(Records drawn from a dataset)
lemma pb_P_step:
  assumes commute_m: "\<And>x y. pb N (Pfun m x) (Pfun m y) a b = 0"
    and commute_Suc_m: "\<And>x y. pb N (Pfun (Suc m) x) (Pfun (Suc m) y) a b = 0"
    and cross_m: "\<And>x y. 2 * (x - y) * pb N (Pfun (Suc m) x) (Pfun m y) a b
                   = christoffel_darboux_numerator a b m x y - (x - y) * P a b m x * P a b m y"
  shows "pb N (Pfun (Suc (Suc m)) x) (Pfun (Suc (Suc m)) y) a b = 0"
    and "2 * (x - y) * pb N (Pfun (Suc (Suc m)) x) (Pfun (Suc m) y) a b
         = christoffel_darboux_numerator a b (Suc m) x y
           - (x - y) * P a b (Suc m) x * P a b (Suc m) y"
proof -
  have cross_swap: "2 * (x - y) * pb N (Pfun (Suc m) y) (Pfun m x) a b
      = christoffel_darboux_numerator a b m x y - (x - y) * P a b m x * P a b m y"
  proof -
    have "2 * (x - y) * pb N (Pfun (Suc m) y) (Pfun m x) a b
        = - (2 * (y - x) * pb N (Pfun (Suc m) y) (Pfun m x) a b)"
      by (simp add: algebra_simps)
    also have "\<dots>
        = - (christoffel_darboux_numerator a b m y x - (y - x) * P a b m y * P a b m x)"
      by (simp only: cross_m)
    finally show ?thesis
      by (simp add: christoffel_darboux_numerator_swap[of a b m x y] algebra_simps)
  qed
  show "pb N (Pfun (Suc (Suc m)) x) (Pfun (Suc (Suc m)) y) a b = 0"
  proof (cases "x = y")
    case False
    have "2 * (x - y) * pb N (Pfun (Suc m) x) (Pfun m y) a b
        = 2 * (x - y) * pb N (Pfun (Suc m) y) (Pfun m x) a b"
      by (simp only: cross_m cross_swap)
    then have cross_sym:
        "pb N (Pfun (Suc m) x) (Pfun m y) a b = pb N (Pfun (Suc m) y) (Pfun m x) a b"
      using False by simp
    have "2 * pb N (Pfun (Suc (Suc m)) x) (Pfun (Suc (Suc m)) y) a b
        = (a (Suc m))\<^sup>2 * (christoffel_darboux_numerator a b m x y
            - 2 * (x - y) * pb N (Pfun (Suc m) y) (Pfun m x) a b - (x - y) * P a b m x * P a b m y)"
      unfolding pb_P_Suc_Suc_self[OF commute_m commute_Suc_m] cross_sym
      by (simp add: algebra_simps)
    then show ?thesis
      unfolding cross_swap by simp
  qed simp
  show "2 * (x - y) * pb N (Pfun (Suc (Suc m)) x) (Pfun (Suc m) y) a b
      = christoffel_darboux_numerator a b (Suc m) x y
        - (x - y) * P a b (Suc m) x * P a b (Suc m) y"
  proof -
    have "2 * (x - y) * pb N (Pfun (Suc (Suc m)) x) (Pfun (Suc m) y) a b
        = (a (Suc m))\<^sup>2 * (2 * (x - y) * pb N (Pfun (Suc m) y) (Pfun m x) a b)
          + (a (Suc m))\<^sup>2 * (x - y) * P a b m x * P a b m y"
      unfolding pb_P_Suc_Suc_P_Suc[OF commute_Suc_m] by (simp add: field_simps)
    also have "\<dots> = (a (Suc m))\<^sup>2 * christoffel_darboux_numerator a b m x y"
      unfolding cross_swap by (simp add: algebra_simps)
    finally show ?thesis
      by (simp add: christoffel_darboux_numerator_Suc)
  qed
qed

end

lemma pb_P_brackets:
  "Suc m \<le> N \<Longrightarrow>
     (\<forall>x y. pb N (Pfun (Suc m) x) (Pfun (Suc m) y) a b = 0)
   \<and> (\<forall>x y. pb N (Pfun m x) (Pfun m y) a b = 0)
   \<and> (\<forall>x y. 2 * (x - y) * pb N (Pfun (Suc m) x) (Pfun m y) a b
             = christoffel_darboux_numerator a b m x y - (x - y) * P a b m x * P a b m y)"
proof (induction m)
  case 0
  have "pb N (\<lambda>p q. x - q 1) (\<lambda>p q. y - q 1) a b = 0" for x y
    by (simp add: pb_diff_left pb_coord_b_left dA_diff)
  then show ?case
    by (simp add: christoffel_darboux_numerator_def)
next
  case (Suc m)
  then show ?case
    using pb_P_step[of m N] by simp
qed

theorem theorem2p3:
  fixes N n :: nat and c x y :: real and a b :: "nat \<Rightarrow> real"
  assumes "N \<ge> 1"
    and "\<forall>k\<in>{1..N-1}. a k > 0"
    and "(\<Sum>j=1..N. b j) = c"
    and "1 \<le> n" and "n \<le> N"
  shows "pb N (\<lambda>p q. P p q n x) (\<lambda>p q. P p q n y) a b = 0
       \<and> pb N (\<lambda>p q. P p q (n-1) x) (\<lambda>p q. P p q (n-1) y) a b = 0
       \<and> (x \<noteq> y \<longrightarrow>
            2 * pb N (\<lambda>p q. P p q n x) (\<lambda>p q. P p q (n-1) y) a b
          = (P a b n x * P a b (n-1) y - P a b n y * P a b (n-1) x) / (x - y)
            - P a b (n-1) x * P a b (n-1) y)"
proof -
  obtain m where n: "n = Suc m"
    using \<open>1 \<le> n\<close> by (cases n) auto
  have "Suc m \<le> N"
    using \<open>n \<le> N\<close> n by simp
  note brackets = pb_P_brackets[OF this]
  show ?thesis
  proof (intro conjI impI)
    show "pb N (Pfun n x) (Pfun n y) a b = 0" "pb N (Pfun (n - 1) x) (Pfun (n - 1) y) a b = 0"
      using brackets n by simp_all
    assume "x \<noteq> y"
    have "2 * pb N (Pfun n x) (Pfun (n - 1) y) a b
        = 2 * (x - y) * pb N (Pfun (Suc m) x) (Pfun m y) a b / (x - y)"
      using \<open>x \<noteq> y\<close> n by (simp add: field_simps)
    also have "\<dots>
        = (christoffel_darboux_numerator a b m x y - (x - y) * P a b m x * P a b m y) / (x - y)"
      using brackets by simp
    finally show "2 * pb N (Pfun n x) (Pfun (n - 1) y) a b
        = (P a b n x * P a b (n - 1) y - P a b n y * P a b (n - 1) x) / (x - y)
          - P a b (n - 1) x * P a b (n - 1) y"
      using \<open>x \<noteq> y\<close> n by (simp add: christoffel_darboux_numerator_def diff_divide_distrib)
  qed
qed
(* Let $F$ and $G$ be the distribution functions of laws $P$ and $Q$ on $\mathbb R$ such that $P(\mathbb Z)=1$, $G$ is continuous and strictly increasing, and $P$ and $Q$ are both symmetric about $\frac n2$ for some $n\in\mathbb R$. Let $d:=F(\lfloor\frac n2\rfloor)-G(\lfloor\frac n2\rfloor)$. Then $n\in\mathbb Z$, $d=G(\lceil\frac n2\rceil-)-F(\lceil\frac n2\rceil-)$, and $$d=\begin{cases}G(\frac{n+1}2)-\frac12,& n\text{ odd},\\ \frac12P(\{\frac n2\}),& n\text{ even}.\end{cases}$$ Furthermore, the statement "for every $s\in\mathbb R$: $|F(s)-G(s)|<d$ if $s\ne\lfloor\frac n2\rfloor$, and $|F(s-)-G(s-)|<d$ if $s\ne\lceil\frac n2\rceil$" holds iff both of the following hold: $$F(s)-G(s)<d\ \text{ for all } s\in\mathbb Z \text{ with } s>\lfloor\tfrac n2\rfloor,\qquad G(s)-F(s-1)<d\ \text{ for all } s\in\mathbb Z\text{ with } s>\lceil\tfrac n2\rceil.$$
   Context: $F(s-)$ denotes the left limit of $F$ at $s$. A distribution function is $F(s)=P(]-\infty,s])$. *)

theory Defs
  imports "HOL-Probability.Probability"
begin

definition distr_fun :: "real measure \<Rightarrow> real \<Rightarrow> real" where
  "distr_fun P s = measure P {..s}"

definition left_lim :: "(real \<Rightarrow> real) \<Rightarrow> real \<Rightarrow> real" where
  "left_lim F s = Lim (at_left s) F"

definition symmetric_about :: "real measure \<Rightarrow> real \<Rightarrow> bool" where
  "symmetric_about P c \<longleftrightarrow> distr P borel (\<lambda>x. 2 * c - x) = P"
text \<open>Canonical path space Omega = (Z^s)^N with the product sigma algebra; X_n(\<omega>) = \<omega> n.
  M is the law P_l of the characteristic Markov chain started at l iff it is a
  probability measure on this space with the right finite-dimensional distributions
  (these determine the measure uniquely).\<close>
definition path_space :: "(nat \<Rightarrow> int^'s) measure" where
  "path_space = PiM UNIV (\<lambda>_. count_space UNIV)"

definition char_chain_law :: "(int^'s \<Rightarrow> real) \<Rightarrow> int^'s \<Rightarrow> (nat \<Rightarrow> int^'s) measure \<Rightarrow> bool" where
  "char_chain_law a l M \<longleftrightarrow> prob_space M \<and> sets M = sets path_space \<and>
     (\<forall>n (i::nat \<Rightarrow> int^'s). measure M {\<omega> \<in> space M. \<forall>k\<le>n. \<omega> k = i k}
        = (if i 0 = l then 1 else 0) * (\<Prod>k<n. a (i k - 2 * i (Suc k))))"

definition Lp_limit :: "(nat \<Rightarrow> int^'s) measure \<Rightarrow> real \<Rightarrow> ((nat \<Rightarrow> int^'s) \<Rightarrow> real^'s) \<Rightarrow> bool" where
  "Lp_limit M p Y \<longleftrightarrow> Y \<in> borel_measurable M \<and>
     (\<integral>\<^sup>+\<omega>. ennreal (norm (Y \<omega>) powr p) \<partial>M) < \<infinity> \<and>
     (\<forall>n. (\<integral>\<^sup>+\<omega>. ennreal (norm (lat_pt (\<omega> n)) powr p) \<partial>M) < \<infinity>) \<and>
     ((\<lambda>n. \<integral>\<^sup>+\<omega>. ennreal (norm (lat_pt (\<omega> n) - Y \<omega>) powr p) \<partial>M) \<longlonglongrightarrow> 0)"

definition Lp_convergent :: "(nat \<Rightarrow> int^'s) measure \<Rightarrow> real \<Rightarrow> bool" where
  "Lp_convergent M p \<longleftrightarrow> (\<exists>Y. Lp_limit M p Y)"

end

theory Submission
  imports Defs
begin

(* Write q n j = P(X_n = j) for the characteristic chain started at l and
   S for the linear scheme.  The chain is dual to the scheme:
     (S^n x)_l = sum_j q n j * x_j,
   and, combined with the shift invariance of S, this gives q n j = (S^n delta_0)_(l - 2^n j),
   so by the convergence of the scheme to phi the laws of X_n converge pointwise to the
   limit distribution mu j = phi(-j).  Everything lives in a finite box of lattice points.

   If X_n converges in L^p to some Y, then P(X_n ~= X_(n+1)) -> 0 (Markov's inequality),
   while P(X_n = X_(n+1)) = sum_j q n j * a(-j).  Hence sum_j mu j * a(-j) = 1, so mu is
   carried by the "absorbing" points j with a(-j) = 1, of which there is at most one.
   Thus mu is a point mass, i.e. phi is interpolatory, and Y is a.s. that lattice point.
   Conversely, if mu is a point mass at c, then E|X_n - c|^p -> 0 since the sum is finite.
   Only the convergence of the scheme for delta_0 (i.e. the refinable function) is used. *)

subsection \<open>Lattice points\<close>

lemma lat_pt_add: "lat_pt (x + y) = lat_pt x + lat_pt y"
  by (simp add: lat_pt_def vec_eq_iff)

lemma lat_pt_uminus: "lat_pt (- x) = - lat_pt x"
  by (simp add: lat_pt_def vec_eq_iff)

lemma lat_pt_smult: "lat_pt (c *s x) = real_of_int c *\<^sub>R lat_pt x"
  by (simp add: lat_pt_def vec_eq_iff)

lemma lat_pt_dist_ge_1:
  assumes "i \<noteq> j"
  shows "1 \<le> norm (lat_pt i - lat_pt j)"
proof -
  obtain t where t: "i $ t \<noteq> j $ t" using assms by (auto simp: vec_eq_iff)
  have "1 \<le> \<bar>real_of_int (i $ t) - real_of_int (j $ t)\<bar>" using t by linarith
  also have "\<dots> = \<bar>(lat_pt i - lat_pt j) $ t\<bar>" by (simp add: lat_pt_def)
  also have "\<dots> \<le> norm (lat_pt i - lat_pt j)" by (rule component_le_norm_cart)
  finally show ?thesis .
qed

lemma rescaled_lattice_tendsto:
  fixes c d :: "int^'s"
  shows "(\<lambda>n. (1 / 2^n) *\<^sub>R lat_pt ((2^n) *s c + d)) \<longlonglongrightarrow> lat_pt c"
proof -
  have eq: "(1 / 2^n) *\<^sub>R lat_pt ((2^n) *s c + d) = lat_pt c + (1 / 2^n) *\<^sub>R lat_pt d" for n
    by (simp add: lat_pt_add lat_pt_smult scaleR_add_right)
  have "(\<lambda>n. (1 / 2^n :: real)) \<longlonglongrightarrow> 0"
    using LIMSEQ_divide_realpow_zero[of 2 1] by simp
  then have "(\<lambda>n. lat_pt c + (1 / 2^n) *\<^sub>R lat_pt d) \<longlonglongrightarrow> lat_pt c + 0 *\<^sub>R lat_pt d"
    by (intro tendsto_intros)
  then show ?thesis unfolding eq by simp
qed

subsection \<open>Generic measure theory\<close>

lemma markov_inequality_powr:
  fixes f :: "'a \<Rightarrow> 'b::real_normed_vector"
  assumes f[measurable]: "f \<in> borel_measurable M" and e: "0 < e" and p: "0 \<le> p"
  shows "emeasure M {x\<in>space M. e \<le> norm (f x)}
           \<le> ennreal ((1/e) powr p) * (\<integral>\<^sup>+x. ennreal (norm (f x) powr p) \<partial>M)"
proof -
  let ?u = "\<lambda>x. ennreal ((1/e) powr p) * ennreal (norm (f x) powr p)"
  have "{x\<in>space M. e \<le> norm (f x)} \<subseteq> {x\<in>space M. 1 \<le> ?u x}"
  proof safe
    fix x assume "e \<le> norm (f x)"
    then have "1 \<le> (1/e) * norm (f x)" using e by (simp add: field_simps)
    then have "1 \<le> ((1/e) * norm (f x)) powr p" using p by (intro ge_one_powr_ge_zero) auto
    also have "\<dots> = (1/e) powr p * norm (f x) powr p" by (rule powr_mult)
    finally show "1 \<le> ?u x" by (simp add: ennreal_mult''[symmetric] flip: ennreal_1)
  qed
  then have "emeasure M {x\<in>space M. e \<le> norm (f x)} \<le> emeasure M {x\<in>space M. 1 \<le> ?u x}"
    by (rule emeasure_mono) measurable
  also have "\<dots> \<le> ennreal ((1/e) powr p) * (\<integral>\<^sup>+x. ennreal (norm (f x) powr p) * indicator (space M) x \<partial>M)"
    by (rule nn_integral_Markov_inequality) auto
  also have "(\<integral>\<^sup>+x. ennreal (norm (f x) powr p) * indicator (space M) x \<partial>M)
             = (\<integral>\<^sup>+x. ennreal (norm (f x) powr p) \<partial>M)"
    by (rule nn_integral_cong) simp
  finally show ?thesis .
qed

lemma Lp_tendsto_imp_in_measure:
  fixes f :: "nat \<Rightarrow> 'a \<Rightarrow> 'b::real_normed_vector"
  assumes f: "\<And>n. f n \<in> borel_measurable M" and e: "0 < e" and p: "0 \<le> p"
    and lim: "(\<lambda>n. \<integral>\<^sup>+x. ennreal (norm (f n x) powr p) \<partial>M) \<longlonglongrightarrow> 0"
  shows "(\<lambda>n. emeasure M {x\<in>space M. e \<le> norm (f n x)}) \<longlonglongrightarrow> 0"
proof (rule tendsto_sandwich[OF _ _ tendsto_const])
  let ?c = "ennreal ((1/e) powr p)"
  show "(\<lambda>n. ?c * (\<integral>\<^sup>+x. ennreal (norm (f n x) powr p) \<partial>M)) \<longlonglongrightarrow> 0"
    using ennreal_tendsto_cmult[OF _ lim, of ?c] by simp
  show "\<forall>\<^sub>F n in sequentially. emeasure M {x\<in>space M. e \<le> norm (f n x)}
          \<le> ?c * (\<integral>\<^sup>+x. ennreal (norm (f n x) powr p) \<partial>M)"
    using markov_inequality_powr[OF f e p] by simp
qed simp

lemma AE_eq_if_far_null:
  fixes f :: "'a \<Rightarrow> 'b::{real_normed_vector, second_countable_topology}"
  assumes f[measurable]: "f \<in> borel_measurable M"
    and far: "\<And>e. 0 < e \<Longrightarrow> emeasure M {x\<in>space M. e \<le> norm (f x - c)} = 0"
  shows "AE x in M. f x = c"
proof (rule AE_I')
  show "(\<Union>m. {x\<in>space M. 1 / Suc m \<le> norm (f x - c)}) \<in> null_sets M"
  proof (rule null_sets_UN)
    fix m :: nat
    have "{x\<in>space M. 1 / Suc m \<le> norm (f x - c)} \<in> sets M" by measurable
    then show "{x\<in>space M. 1 / Suc m \<le> norm (f x - c)} \<in> null_sets M"
      using far[of "1 / Suc m"] by (simp add: null_sets_def)
  qed
  show "{x\<in>space M. f x \<noteq> c} \<subseteq> (\<Union>m. {x\<in>space M. 1 / Suc m \<le> norm (f x - c)})"
  proof safe
    fix x assume "x \<in> space M" "f x \<noteq> c"
    then obtain m where "m > 0" "inverse (real m) < norm (f x - c)"
      using ex_inverse_of_nat_less[of "norm (f x - c)"] by auto
    then have "1 / Suc (m - 1) \<le> norm (f x - c)" by (simp add: inverse_eq_divide)
    with \<open>x \<in> space M\<close> show "x \<in> (\<Union>m. {x\<in>space M. 1 / Suc m \<le> norm (f x - c)})" by blast
  qed
qed

lemma (in finite_measure) measure_UN_finite_support:
  fixes B :: "'b::countable \<Rightarrow> 'a set"
  assumes "finite G" "\<And>j. B j \<in> sets M" "disjoint_family B"
    and "\<And>j. j \<notin> G \<Longrightarrow> measure M (B j) = 0"
  shows "measure M (\<Union>j. B j) = (\<Sum>j\<in>G. measure M (B j))"
proof -
  have eq: "(\<Union>j. B j) = (\<Union>j\<in>G. B j) \<union> (\<Union>j\<in>-G. B j)" by auto
  have "(\<Union>j\<in>-G. B j) \<in> null_sets M"
    by (rule null_sets_UN') (use assms in \<open>auto simp: emeasure_eq_measure\<close>)
  then have "measure M (\<Union>j. B j) = measure M (\<Union>j\<in>G. B j)"
    unfolding eq by (intro measure_Un_null_set) (use assms in auto)
  also have "\<dots> = (\<Sum>j\<in>G. measure M (B j))"
    by (rule finite_measure_finite_Union)
       (use assms in \<open>auto simp: disjoint_family_on_def disjoint_family_subset\<close>)
  finally show ?thesis .
qed

subsection \<open>Masks and the linear scheme\<close>

lemma infsum_eq_sum_superset:
  assumes "finite G" "\<And>j. j \<notin> G \<Longrightarrow> f j = 0"
  shows "(\<Sum>\<^sub>\<infinity>j. f j) = sum f G"
proof -
  have "(\<Sum>\<^sub>\<infinity>j. f j) = (\<Sum>\<^sub>\<infinity>j\<in>G. f j)"
    by (rule infsum_cong_neutral) (use assms in auto)
  then show ?thesis using assms by simp
qed

lemma lin_scheme_eq_sum:
  assumes "finite G" "\<And>j. a (i - 2 * j) \<noteq> 0 \<Longrightarrow> j \<in> G"
  shows "lin_scheme a x i = (\<Sum>j\<in>G. a (i - 2 * j) * x j)"
  unfolding lin_scheme_def by (rule infsum_eq_sum_superset) (use assms in auto)

lemma lin_scheme_shift:
  fixes c :: "int^'s"
  shows "lin_scheme a (\<lambda>m. x (m + c)) i = lin_scheme a x (i + 2 * c)"
proof -
  have bij: "bij_betw (\<lambda>j::int^'s. j + c) UNIV UNIV"
    by (rule bij_betwI[where g="\<lambda>j. j - c"]) auto
  have "lin_scheme a x (i + 2 * c) = (\<Sum>\<^sub>\<infinity>j. (\<lambda>j. a (i + 2 * c - 2 * j) * x j) (j + c))"
    unfolding lin_scheme_def by (rule infsum_reindex_bij_betw[OF bij, symmetric])
  also have "\<dots> = lin_scheme a (\<lambda>m. x (m + c)) i"
    unfolding lin_scheme_def by (simp add: algebra_simps)
  finally show ?thesis by simp
qed

lemma lin_scheme_pow_shift:
  fixes c :: "int^'s"
  shows "(lin_scheme a ^^ n) (\<lambda>m. x (m + c)) = (\<lambda>i. (lin_scheme a ^^ n) x (i + (2^n) *s c))"
proof (induction n)
  case (Suc n)
  have "i + 2 * ((2::int)^n *s c) = i + (2^Suc n) *s c" for i :: "int^'s"
    by (simp add: vec_eq_iff)
  then show ?case by (simp add: Suc lin_scheme_shift[of a "(lin_scheme a ^^ n) x"])
qed (simp add: vec_eq_iff)

locale mask_scheme =
  fixes a :: "int^'s \<Rightarrow> real"
  assumes is_mask: "is_mask a"
begin

lemma finite_mask_support: "finite {d. a d \<noteq> 0}"
  using is_mask by (simp add: is_mask_def)

lemma nonneg: "0 \<le> a d"
  using is_mask by (simp add: is_mask_def)
(* For integers $n\geq 3$, $m\geq 1$ and $p\geq 2$, $$\chi_\rho(FSSD_m(C_n\star P_p)) \leq \begin{cases} 6, & n=3,\\ 7, & n\geq 4,\ n\notin\{5,7,11\},\\ 8, & n\in\{5,7,11\}.\end{cases}$$
   Context: All graphs are finite and simple. For a positive integer $i$, an $i$-packing in a graph is a set of vertices any two distinct members of which are at distance greater than $i$. The packing chromatic number $\chi_\rho(H)$ is the smallest $k$ such that $V(H)$ can be partitioned into sets $V_1,\dots,V_k$ with each $V_i$ an $i$-packing. For a positive integer $m$, $FSSD_m(G)$ is obtained from $G$ by replacing each edge $xy$ by a copy of $K_{2,m}$: the edge $xy$ is deleted and $m$ new vertices are added, each adjacent to exactly $x$ and $y$. The neighborhood corona $G\star H$ of graphs $G$ (with vertices $w_1,\dots,w_{n}$) and $H$ consists of one copy of $G$ and $n$ copies $H_1,\dots,H_n$ of $H$ (each retaining the edges of $H$), where every vertex of $H_i$ is additionally joined to every neighbor of $w_i$ in $G$. $C_n$ is the cycle and $P_p$ the path on $p$ vertices. *)

theory Defs
  imports Main "HOL-Library.Extended_Nat"
begin

text \<open>A (simple) graph is a vertex set together with a symmetric, irreflexive
adjacency relation (the constructions below only produce such graphs).\<close>
type_synonym 'a graph = "'a set \<times> ('a \<Rightarrow> 'a \<Rightarrow> bool)"

definition verts :: "'a graph \<Rightarrow> 'a set" where "verts G = fst G"
definition adj :: "'a graph \<Rightarrow> 'a \<Rightarrow> 'a \<Rightarrow> bool" where "adj G = snd G"
text \<open>Stieltjes' procedure: the monic orthogonal polynomials of a form \<open>B\<close>, generated by
  the three-term recurrence whose coefficients are computed from \<open>B\<close> itself.\<close>
fun stieltjes_OP :: "(real poly \<Rightarrow> real poly \<Rightarrow> real) \<Rightarrow> nat \<Rightarrow> real poly" where
  "stieltjes_OP B 0 = 1"
| "stieltjes_OP B (Suc 0) = [:0, 1:] - Polynomial.smult (B [:0, 1:] 1 / B 1 1) 1"
| "stieltjes_OP B (Suc (Suc n)) = pCons 0 (stieltjes_OP B (Suc n))
     - Polynomial.smult (B (pCons 0 (stieltjes_OP B (Suc n))) (stieltjes_OP B (Suc n))
              / B (stieltjes_OP B (Suc n)) (stieltjes_OP B (Suc n))) (stieltjes_OP B (Suc n))
     - Polynomial.smult (B (stieltjes_OP B (Suc n)) (stieltjes_OP B (Suc n))
              / B (stieltjes_OP B n) (stieltjes_OP B n)) (stieltjes_OP B n)"

definition op_norm :: "(real poly \<Rightarrow> real poly \<Rightarrow> real) \<Rightarrow> nat \<Rightarrow> real" where
  "op_norm B n = B (stieltjes_OP B n) (stieltjes_OP B n)"

definition op_beta :: "(real poly \<Rightarrow> real poly \<Rightarrow> real) \<Rightarrow> nat \<Rightarrow> real" where
  "op_beta B n = B (pCons 0 (stieltjes_OP B n)) (stieltjes_OP B n) / op_norm B n"

definition op_gamma_sq :: "(real poly \<Rightarrow> real poly \<Rightarrow> real) \<Rightarrow> nat \<Rightarrow> real" where
  "op_gamma_sq B n = (if n = 0 then 0 else op_norm B n / op_norm B (n - 1))"

lemma stieltjes_OP_Suc:
  "stieltjes_OP B (Suc n) = pCons 0 (stieltjes_OP B n) - Polynomial.smult (op_beta B n) (stieltjes_OP B n)
     - Polynomial.smult (op_gamma_sq B n) (if n = 0 then 0 else stieltjes_OP B (n - 1))"
  by (cases n) (simp_all add: op_beta_def op_gamma_sq_def op_norm_def one_pCons)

YOUR OBJECTIVE → Copy exactly the stretch of data above from the line with "P a b m y) /" through the line with "- P a b (n - 1)", and omit all other lines.

ANSWER →
        = (christoffel_darboux_numerator a b m x y - (x - y) * P a b m x * P a b m y) / (x - y)"
      using brackets by simp
    finally show "2 * pb N (Pfun n x) (Pfun (n - 1) y) a b
        = (P a b n x * P a b (n - 1) y - P a b n y * P a b (n - 1) x) / (x - y)
          - P a b (n - 1) x * P a b (n - 1) y"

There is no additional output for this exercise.